EXERCISE INPUTS START

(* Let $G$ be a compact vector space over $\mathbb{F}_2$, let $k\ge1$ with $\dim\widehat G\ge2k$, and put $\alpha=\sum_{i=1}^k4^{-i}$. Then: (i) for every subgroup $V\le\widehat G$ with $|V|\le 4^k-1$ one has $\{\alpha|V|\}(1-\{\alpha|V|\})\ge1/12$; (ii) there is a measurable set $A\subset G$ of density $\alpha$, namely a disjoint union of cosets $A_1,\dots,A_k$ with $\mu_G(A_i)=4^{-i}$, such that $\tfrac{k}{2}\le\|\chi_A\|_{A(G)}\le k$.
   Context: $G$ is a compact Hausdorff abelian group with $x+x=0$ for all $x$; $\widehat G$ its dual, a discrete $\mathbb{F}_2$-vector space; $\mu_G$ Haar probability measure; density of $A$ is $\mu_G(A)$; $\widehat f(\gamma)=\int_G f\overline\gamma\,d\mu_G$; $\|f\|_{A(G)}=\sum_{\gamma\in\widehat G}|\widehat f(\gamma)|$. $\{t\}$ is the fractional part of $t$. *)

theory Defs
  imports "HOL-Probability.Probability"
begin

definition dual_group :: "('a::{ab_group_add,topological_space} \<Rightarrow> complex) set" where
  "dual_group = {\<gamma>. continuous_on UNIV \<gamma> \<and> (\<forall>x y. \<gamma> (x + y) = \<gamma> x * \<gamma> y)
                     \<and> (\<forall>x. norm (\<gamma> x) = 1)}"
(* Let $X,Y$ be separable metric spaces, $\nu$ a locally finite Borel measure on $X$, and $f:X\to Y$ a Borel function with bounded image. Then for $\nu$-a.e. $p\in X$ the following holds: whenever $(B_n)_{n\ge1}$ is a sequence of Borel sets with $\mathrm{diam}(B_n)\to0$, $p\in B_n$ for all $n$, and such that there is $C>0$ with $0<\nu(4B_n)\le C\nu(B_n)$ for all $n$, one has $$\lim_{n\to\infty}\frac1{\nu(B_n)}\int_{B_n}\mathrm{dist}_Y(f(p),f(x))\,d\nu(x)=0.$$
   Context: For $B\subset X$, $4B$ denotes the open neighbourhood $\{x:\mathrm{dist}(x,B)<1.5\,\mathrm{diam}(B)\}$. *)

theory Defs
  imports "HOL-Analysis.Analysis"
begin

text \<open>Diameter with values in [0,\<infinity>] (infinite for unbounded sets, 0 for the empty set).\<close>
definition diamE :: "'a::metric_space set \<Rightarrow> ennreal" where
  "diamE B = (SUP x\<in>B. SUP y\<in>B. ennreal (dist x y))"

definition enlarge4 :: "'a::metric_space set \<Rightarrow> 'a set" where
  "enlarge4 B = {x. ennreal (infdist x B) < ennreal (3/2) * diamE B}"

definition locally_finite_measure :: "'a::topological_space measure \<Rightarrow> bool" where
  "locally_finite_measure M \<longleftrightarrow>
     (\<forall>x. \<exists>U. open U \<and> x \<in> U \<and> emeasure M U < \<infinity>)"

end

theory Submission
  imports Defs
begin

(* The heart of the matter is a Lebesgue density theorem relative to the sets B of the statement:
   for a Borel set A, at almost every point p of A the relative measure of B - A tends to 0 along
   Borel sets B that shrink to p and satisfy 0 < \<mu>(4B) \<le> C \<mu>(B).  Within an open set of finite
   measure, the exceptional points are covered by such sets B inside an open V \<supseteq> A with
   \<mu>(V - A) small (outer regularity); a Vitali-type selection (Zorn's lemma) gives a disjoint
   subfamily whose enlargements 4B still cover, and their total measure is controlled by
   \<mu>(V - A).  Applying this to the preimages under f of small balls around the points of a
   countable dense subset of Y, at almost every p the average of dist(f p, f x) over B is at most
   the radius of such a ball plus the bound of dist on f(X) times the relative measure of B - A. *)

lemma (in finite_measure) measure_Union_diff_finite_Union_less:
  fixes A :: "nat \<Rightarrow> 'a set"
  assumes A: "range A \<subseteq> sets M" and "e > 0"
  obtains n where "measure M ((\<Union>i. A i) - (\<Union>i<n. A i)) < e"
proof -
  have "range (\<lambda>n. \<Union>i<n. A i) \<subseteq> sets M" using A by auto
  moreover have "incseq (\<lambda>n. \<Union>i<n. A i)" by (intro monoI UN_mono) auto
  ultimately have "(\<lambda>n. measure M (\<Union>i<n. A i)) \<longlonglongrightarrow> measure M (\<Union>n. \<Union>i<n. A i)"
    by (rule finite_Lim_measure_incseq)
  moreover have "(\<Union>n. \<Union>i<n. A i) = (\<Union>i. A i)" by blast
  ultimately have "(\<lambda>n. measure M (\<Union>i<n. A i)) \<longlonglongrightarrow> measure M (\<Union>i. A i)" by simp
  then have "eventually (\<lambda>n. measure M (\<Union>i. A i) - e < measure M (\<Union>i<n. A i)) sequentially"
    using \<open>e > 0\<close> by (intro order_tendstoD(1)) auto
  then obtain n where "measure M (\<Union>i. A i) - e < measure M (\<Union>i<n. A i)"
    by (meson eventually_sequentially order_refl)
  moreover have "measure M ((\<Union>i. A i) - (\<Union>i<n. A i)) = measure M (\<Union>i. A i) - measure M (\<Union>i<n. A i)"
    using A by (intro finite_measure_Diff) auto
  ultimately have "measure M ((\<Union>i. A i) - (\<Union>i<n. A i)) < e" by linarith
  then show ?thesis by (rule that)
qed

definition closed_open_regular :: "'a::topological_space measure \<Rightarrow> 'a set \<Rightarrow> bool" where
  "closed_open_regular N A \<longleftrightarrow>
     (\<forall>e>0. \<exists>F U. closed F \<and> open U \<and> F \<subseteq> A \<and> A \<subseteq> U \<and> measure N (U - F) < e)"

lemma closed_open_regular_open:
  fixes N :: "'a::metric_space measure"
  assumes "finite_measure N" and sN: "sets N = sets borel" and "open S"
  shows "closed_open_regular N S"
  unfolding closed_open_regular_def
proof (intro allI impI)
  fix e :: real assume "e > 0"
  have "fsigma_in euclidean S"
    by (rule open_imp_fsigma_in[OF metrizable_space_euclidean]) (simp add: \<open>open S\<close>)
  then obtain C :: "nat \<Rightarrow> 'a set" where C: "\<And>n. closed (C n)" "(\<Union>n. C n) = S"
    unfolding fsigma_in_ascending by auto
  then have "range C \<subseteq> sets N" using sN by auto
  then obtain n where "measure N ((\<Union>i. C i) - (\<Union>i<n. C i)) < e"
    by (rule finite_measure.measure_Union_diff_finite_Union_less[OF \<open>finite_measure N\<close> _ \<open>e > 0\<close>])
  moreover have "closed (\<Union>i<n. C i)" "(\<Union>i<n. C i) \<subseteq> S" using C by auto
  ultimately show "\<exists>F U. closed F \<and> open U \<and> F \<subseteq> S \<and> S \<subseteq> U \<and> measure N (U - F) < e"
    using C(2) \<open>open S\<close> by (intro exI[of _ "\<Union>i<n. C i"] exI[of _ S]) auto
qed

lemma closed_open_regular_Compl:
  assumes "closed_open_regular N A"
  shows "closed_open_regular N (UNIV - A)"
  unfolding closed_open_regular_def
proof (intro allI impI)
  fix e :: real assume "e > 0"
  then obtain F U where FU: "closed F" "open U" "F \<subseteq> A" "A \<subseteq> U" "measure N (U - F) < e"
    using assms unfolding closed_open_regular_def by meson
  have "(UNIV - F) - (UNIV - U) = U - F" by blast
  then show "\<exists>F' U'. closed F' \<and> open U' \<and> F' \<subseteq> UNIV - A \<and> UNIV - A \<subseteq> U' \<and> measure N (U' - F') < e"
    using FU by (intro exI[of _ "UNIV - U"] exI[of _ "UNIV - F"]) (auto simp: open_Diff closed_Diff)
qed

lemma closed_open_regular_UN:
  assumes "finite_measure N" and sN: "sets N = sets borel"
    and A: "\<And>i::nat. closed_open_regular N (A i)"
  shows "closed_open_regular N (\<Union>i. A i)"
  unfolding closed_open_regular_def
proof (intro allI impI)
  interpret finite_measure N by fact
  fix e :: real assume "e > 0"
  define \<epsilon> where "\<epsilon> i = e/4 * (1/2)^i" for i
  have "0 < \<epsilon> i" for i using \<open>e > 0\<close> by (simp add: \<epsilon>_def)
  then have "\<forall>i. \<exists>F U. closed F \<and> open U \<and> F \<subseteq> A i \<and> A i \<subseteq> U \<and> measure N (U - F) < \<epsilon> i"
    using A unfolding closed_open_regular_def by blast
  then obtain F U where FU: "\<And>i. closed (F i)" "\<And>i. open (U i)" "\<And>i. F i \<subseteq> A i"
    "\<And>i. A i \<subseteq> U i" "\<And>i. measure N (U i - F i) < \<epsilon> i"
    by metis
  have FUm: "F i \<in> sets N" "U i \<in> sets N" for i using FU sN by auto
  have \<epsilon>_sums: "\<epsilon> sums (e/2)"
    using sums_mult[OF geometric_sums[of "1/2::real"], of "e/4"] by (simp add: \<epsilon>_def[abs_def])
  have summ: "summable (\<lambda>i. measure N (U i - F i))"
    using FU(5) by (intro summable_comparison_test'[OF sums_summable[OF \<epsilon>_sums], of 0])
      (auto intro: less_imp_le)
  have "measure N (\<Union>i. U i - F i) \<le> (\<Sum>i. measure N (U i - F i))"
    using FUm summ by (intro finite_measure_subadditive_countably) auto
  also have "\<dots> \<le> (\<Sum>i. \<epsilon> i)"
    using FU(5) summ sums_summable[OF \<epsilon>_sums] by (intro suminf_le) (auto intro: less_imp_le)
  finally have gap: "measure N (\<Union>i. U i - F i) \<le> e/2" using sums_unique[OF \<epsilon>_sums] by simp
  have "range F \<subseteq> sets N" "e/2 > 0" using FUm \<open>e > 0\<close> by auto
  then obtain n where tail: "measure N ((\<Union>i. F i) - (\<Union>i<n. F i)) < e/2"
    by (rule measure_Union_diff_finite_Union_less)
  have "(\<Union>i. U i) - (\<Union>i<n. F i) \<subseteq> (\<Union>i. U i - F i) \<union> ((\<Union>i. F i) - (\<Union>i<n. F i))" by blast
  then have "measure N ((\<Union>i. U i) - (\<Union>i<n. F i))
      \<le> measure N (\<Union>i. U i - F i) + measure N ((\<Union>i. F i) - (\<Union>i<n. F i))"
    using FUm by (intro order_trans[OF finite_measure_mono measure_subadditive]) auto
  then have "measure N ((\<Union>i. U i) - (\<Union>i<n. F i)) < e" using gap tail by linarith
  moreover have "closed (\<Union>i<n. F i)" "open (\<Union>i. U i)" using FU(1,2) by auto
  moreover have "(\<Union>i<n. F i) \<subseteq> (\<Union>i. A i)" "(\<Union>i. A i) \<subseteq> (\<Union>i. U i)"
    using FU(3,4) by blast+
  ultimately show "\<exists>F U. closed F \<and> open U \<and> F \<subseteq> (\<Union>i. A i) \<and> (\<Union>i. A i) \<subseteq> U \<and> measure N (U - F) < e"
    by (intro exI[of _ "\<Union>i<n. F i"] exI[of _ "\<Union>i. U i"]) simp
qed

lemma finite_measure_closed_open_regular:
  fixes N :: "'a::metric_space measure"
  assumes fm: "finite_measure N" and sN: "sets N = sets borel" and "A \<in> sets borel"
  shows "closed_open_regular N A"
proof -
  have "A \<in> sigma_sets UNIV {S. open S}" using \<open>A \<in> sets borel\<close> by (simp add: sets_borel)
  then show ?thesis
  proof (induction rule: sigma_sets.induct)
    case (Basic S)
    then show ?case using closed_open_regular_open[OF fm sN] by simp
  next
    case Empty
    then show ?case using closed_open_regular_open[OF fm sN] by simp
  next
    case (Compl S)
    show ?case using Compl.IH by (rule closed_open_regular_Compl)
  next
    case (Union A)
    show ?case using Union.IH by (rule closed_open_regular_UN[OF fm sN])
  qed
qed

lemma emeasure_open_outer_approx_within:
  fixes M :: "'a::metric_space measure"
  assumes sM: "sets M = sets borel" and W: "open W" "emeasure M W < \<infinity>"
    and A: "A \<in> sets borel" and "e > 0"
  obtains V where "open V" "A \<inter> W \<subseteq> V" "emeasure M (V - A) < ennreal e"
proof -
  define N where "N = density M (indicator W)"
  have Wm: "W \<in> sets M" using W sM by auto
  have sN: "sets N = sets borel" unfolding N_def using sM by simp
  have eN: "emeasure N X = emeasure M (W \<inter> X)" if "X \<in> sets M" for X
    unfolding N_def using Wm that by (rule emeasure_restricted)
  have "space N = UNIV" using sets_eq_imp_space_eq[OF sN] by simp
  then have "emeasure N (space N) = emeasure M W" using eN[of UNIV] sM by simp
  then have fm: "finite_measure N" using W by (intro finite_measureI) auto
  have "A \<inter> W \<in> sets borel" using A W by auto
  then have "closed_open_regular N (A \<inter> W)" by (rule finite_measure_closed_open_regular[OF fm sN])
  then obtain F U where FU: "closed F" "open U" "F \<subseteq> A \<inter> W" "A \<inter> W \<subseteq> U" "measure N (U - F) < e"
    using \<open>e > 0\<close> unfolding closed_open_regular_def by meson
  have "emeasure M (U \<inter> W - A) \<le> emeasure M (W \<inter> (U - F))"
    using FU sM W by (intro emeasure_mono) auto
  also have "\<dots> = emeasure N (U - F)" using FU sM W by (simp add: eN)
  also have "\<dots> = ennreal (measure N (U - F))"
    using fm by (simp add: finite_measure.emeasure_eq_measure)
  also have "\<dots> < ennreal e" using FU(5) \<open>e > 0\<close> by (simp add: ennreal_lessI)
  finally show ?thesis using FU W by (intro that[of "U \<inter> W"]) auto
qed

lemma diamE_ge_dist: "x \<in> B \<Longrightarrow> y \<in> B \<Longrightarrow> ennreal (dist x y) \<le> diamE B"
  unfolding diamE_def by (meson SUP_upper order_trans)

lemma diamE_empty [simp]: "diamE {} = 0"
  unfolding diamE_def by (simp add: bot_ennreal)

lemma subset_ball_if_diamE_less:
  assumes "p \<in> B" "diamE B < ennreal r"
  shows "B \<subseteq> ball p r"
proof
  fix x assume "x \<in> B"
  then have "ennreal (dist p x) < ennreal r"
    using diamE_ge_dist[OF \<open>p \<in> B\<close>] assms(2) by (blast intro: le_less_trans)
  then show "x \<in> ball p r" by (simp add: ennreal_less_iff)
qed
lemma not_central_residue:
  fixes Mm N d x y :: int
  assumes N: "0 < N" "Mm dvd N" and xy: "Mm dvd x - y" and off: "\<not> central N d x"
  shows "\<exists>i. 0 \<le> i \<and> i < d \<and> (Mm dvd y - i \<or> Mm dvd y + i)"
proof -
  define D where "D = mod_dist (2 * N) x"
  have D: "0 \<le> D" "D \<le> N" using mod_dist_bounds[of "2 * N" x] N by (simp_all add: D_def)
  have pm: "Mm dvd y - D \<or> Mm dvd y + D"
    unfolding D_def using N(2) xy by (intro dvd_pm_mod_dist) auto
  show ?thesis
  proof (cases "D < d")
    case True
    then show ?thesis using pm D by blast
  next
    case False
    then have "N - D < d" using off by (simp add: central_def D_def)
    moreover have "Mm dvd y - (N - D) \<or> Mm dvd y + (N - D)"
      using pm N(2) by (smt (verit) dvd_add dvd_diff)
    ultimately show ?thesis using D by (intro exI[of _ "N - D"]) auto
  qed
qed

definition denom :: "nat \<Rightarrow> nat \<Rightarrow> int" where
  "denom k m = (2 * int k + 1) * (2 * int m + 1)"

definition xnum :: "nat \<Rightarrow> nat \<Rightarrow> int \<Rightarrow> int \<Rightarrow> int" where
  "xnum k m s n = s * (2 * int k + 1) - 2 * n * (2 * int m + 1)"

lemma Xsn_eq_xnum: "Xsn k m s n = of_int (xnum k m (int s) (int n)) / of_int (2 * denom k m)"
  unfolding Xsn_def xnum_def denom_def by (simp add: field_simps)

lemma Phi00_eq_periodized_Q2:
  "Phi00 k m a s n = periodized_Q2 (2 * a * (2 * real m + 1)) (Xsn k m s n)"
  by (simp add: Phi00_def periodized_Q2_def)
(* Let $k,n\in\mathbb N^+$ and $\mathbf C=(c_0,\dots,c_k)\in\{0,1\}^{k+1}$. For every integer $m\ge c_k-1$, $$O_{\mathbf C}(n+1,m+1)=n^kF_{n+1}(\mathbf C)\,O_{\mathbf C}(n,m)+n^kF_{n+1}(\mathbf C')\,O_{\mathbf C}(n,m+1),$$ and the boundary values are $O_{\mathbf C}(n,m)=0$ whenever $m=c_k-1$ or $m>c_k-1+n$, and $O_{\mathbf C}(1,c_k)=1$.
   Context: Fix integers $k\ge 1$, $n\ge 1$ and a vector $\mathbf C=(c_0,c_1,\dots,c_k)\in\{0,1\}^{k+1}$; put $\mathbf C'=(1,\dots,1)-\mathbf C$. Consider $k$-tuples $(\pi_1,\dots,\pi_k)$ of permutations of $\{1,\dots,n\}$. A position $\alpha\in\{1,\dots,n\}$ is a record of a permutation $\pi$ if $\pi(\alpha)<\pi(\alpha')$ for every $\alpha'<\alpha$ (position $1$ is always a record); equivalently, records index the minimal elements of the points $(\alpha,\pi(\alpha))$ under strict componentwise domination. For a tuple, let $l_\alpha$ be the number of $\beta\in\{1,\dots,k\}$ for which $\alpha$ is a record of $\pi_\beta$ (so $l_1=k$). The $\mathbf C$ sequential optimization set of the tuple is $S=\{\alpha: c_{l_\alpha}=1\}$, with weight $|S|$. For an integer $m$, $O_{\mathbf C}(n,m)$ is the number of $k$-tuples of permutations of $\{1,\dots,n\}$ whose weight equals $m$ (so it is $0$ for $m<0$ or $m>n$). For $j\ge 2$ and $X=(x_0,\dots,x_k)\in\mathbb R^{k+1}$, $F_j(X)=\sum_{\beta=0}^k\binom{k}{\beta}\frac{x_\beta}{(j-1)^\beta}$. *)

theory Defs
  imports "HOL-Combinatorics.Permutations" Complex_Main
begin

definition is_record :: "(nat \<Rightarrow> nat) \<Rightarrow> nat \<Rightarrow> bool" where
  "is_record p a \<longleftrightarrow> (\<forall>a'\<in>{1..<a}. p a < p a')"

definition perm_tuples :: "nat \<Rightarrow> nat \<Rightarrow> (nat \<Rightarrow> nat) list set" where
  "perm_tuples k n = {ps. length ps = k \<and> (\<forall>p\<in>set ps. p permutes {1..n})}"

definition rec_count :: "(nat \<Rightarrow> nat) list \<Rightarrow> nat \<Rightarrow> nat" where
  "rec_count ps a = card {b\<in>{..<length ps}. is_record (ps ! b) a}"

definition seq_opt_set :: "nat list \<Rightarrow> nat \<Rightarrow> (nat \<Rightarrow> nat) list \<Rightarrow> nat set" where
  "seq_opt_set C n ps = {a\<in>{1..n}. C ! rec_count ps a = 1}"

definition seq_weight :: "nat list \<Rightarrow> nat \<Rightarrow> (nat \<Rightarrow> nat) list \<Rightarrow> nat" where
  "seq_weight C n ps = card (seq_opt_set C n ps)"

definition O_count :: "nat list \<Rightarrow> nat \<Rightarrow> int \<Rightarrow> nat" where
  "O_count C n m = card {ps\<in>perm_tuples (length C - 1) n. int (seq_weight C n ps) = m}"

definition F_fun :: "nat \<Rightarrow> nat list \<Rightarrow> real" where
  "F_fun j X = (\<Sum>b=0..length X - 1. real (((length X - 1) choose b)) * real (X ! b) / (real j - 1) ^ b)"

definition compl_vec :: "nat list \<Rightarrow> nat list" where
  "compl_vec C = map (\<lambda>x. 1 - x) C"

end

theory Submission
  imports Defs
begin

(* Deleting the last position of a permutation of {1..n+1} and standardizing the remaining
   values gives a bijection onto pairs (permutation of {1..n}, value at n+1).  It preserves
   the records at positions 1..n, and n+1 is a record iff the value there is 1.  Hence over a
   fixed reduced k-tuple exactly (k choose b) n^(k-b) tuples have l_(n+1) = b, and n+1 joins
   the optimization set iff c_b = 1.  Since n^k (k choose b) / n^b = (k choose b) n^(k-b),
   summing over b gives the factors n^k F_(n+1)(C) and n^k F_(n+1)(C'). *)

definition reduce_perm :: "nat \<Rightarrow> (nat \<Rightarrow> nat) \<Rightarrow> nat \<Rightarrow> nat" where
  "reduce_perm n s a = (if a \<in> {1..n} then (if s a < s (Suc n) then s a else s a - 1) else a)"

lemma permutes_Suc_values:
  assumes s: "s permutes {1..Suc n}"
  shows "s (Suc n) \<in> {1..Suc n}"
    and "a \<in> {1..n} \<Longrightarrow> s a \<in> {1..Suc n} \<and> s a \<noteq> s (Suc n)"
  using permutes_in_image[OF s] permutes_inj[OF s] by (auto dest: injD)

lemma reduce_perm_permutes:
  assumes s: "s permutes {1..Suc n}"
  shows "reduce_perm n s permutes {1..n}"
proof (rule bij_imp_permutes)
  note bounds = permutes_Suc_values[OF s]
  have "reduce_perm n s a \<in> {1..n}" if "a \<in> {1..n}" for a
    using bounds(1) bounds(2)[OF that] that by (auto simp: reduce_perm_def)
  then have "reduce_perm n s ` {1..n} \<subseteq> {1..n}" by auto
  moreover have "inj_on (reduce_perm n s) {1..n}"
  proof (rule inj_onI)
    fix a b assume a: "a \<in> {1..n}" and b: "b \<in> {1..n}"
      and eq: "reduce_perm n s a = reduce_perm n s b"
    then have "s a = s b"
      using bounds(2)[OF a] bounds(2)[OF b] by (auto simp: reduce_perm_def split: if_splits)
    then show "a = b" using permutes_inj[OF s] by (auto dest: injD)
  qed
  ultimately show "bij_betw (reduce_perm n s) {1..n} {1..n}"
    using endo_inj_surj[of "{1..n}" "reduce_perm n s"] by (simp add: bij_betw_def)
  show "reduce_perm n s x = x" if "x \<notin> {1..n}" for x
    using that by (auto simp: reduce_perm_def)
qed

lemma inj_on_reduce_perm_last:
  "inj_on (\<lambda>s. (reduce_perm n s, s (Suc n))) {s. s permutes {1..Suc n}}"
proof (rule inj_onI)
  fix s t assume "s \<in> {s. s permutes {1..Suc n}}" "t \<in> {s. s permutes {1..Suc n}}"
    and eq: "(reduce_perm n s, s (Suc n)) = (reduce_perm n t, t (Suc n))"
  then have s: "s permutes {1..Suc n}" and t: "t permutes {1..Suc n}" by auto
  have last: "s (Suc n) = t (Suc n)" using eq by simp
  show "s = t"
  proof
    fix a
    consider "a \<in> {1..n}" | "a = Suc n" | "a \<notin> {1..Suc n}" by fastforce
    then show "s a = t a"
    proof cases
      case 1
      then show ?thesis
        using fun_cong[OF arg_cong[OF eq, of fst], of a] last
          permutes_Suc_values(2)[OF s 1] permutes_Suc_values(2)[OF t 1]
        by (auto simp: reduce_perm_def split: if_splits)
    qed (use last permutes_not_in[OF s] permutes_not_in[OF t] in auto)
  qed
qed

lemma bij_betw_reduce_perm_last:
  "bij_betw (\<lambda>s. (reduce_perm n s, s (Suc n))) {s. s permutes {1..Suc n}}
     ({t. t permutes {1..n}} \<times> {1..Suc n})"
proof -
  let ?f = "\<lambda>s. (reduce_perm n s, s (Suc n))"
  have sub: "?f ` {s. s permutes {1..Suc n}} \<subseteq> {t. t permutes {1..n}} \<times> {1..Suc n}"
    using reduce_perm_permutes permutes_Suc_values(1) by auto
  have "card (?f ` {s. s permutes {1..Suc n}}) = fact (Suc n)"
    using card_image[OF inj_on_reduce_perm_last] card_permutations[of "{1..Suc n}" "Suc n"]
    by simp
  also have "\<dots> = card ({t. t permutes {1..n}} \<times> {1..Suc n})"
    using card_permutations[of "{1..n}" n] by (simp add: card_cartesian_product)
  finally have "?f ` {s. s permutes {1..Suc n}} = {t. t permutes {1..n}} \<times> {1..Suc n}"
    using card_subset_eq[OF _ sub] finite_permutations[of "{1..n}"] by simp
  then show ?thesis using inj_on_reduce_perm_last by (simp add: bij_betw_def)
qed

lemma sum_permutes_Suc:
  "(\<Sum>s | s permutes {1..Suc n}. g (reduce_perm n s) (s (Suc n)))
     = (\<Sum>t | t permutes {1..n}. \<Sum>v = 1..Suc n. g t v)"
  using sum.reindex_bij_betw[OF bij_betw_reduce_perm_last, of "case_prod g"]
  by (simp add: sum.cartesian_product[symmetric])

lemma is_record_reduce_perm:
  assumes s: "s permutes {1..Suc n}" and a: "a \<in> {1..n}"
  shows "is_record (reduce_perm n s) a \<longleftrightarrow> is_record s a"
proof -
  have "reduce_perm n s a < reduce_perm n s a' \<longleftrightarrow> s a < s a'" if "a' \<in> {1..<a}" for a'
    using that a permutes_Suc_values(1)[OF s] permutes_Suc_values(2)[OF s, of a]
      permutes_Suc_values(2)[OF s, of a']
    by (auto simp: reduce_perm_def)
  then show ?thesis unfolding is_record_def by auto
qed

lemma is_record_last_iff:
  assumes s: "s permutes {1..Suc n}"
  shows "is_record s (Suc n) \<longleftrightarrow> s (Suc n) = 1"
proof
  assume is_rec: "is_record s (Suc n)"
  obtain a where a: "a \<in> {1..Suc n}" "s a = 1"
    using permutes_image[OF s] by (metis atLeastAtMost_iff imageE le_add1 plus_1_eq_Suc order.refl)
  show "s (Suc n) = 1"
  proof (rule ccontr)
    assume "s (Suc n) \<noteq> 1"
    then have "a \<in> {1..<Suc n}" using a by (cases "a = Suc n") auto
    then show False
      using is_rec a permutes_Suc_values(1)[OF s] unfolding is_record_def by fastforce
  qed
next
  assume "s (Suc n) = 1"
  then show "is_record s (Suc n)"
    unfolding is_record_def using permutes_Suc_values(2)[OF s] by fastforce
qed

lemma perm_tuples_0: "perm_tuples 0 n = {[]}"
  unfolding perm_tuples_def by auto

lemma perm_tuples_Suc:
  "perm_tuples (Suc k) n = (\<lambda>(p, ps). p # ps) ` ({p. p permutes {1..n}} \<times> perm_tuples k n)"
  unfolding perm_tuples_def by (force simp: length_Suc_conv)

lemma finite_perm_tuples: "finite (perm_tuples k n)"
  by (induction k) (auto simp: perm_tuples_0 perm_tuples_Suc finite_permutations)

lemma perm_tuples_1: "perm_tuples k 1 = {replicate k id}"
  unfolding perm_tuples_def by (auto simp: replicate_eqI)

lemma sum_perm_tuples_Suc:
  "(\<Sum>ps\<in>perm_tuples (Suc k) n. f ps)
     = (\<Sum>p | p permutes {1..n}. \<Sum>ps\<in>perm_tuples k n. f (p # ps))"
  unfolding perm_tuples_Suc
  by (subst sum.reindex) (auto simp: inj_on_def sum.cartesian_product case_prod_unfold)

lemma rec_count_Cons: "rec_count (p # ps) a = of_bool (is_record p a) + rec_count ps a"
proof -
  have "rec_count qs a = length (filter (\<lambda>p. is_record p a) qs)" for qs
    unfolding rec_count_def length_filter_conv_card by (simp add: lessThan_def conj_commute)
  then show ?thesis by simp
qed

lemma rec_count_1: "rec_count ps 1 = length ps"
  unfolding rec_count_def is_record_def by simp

EXERCISE INPUTS END

* DIRECTIONS: In the entries above, how many lines hold the word "exists"? Answer with the number only.

* ANSWER SPACE: 7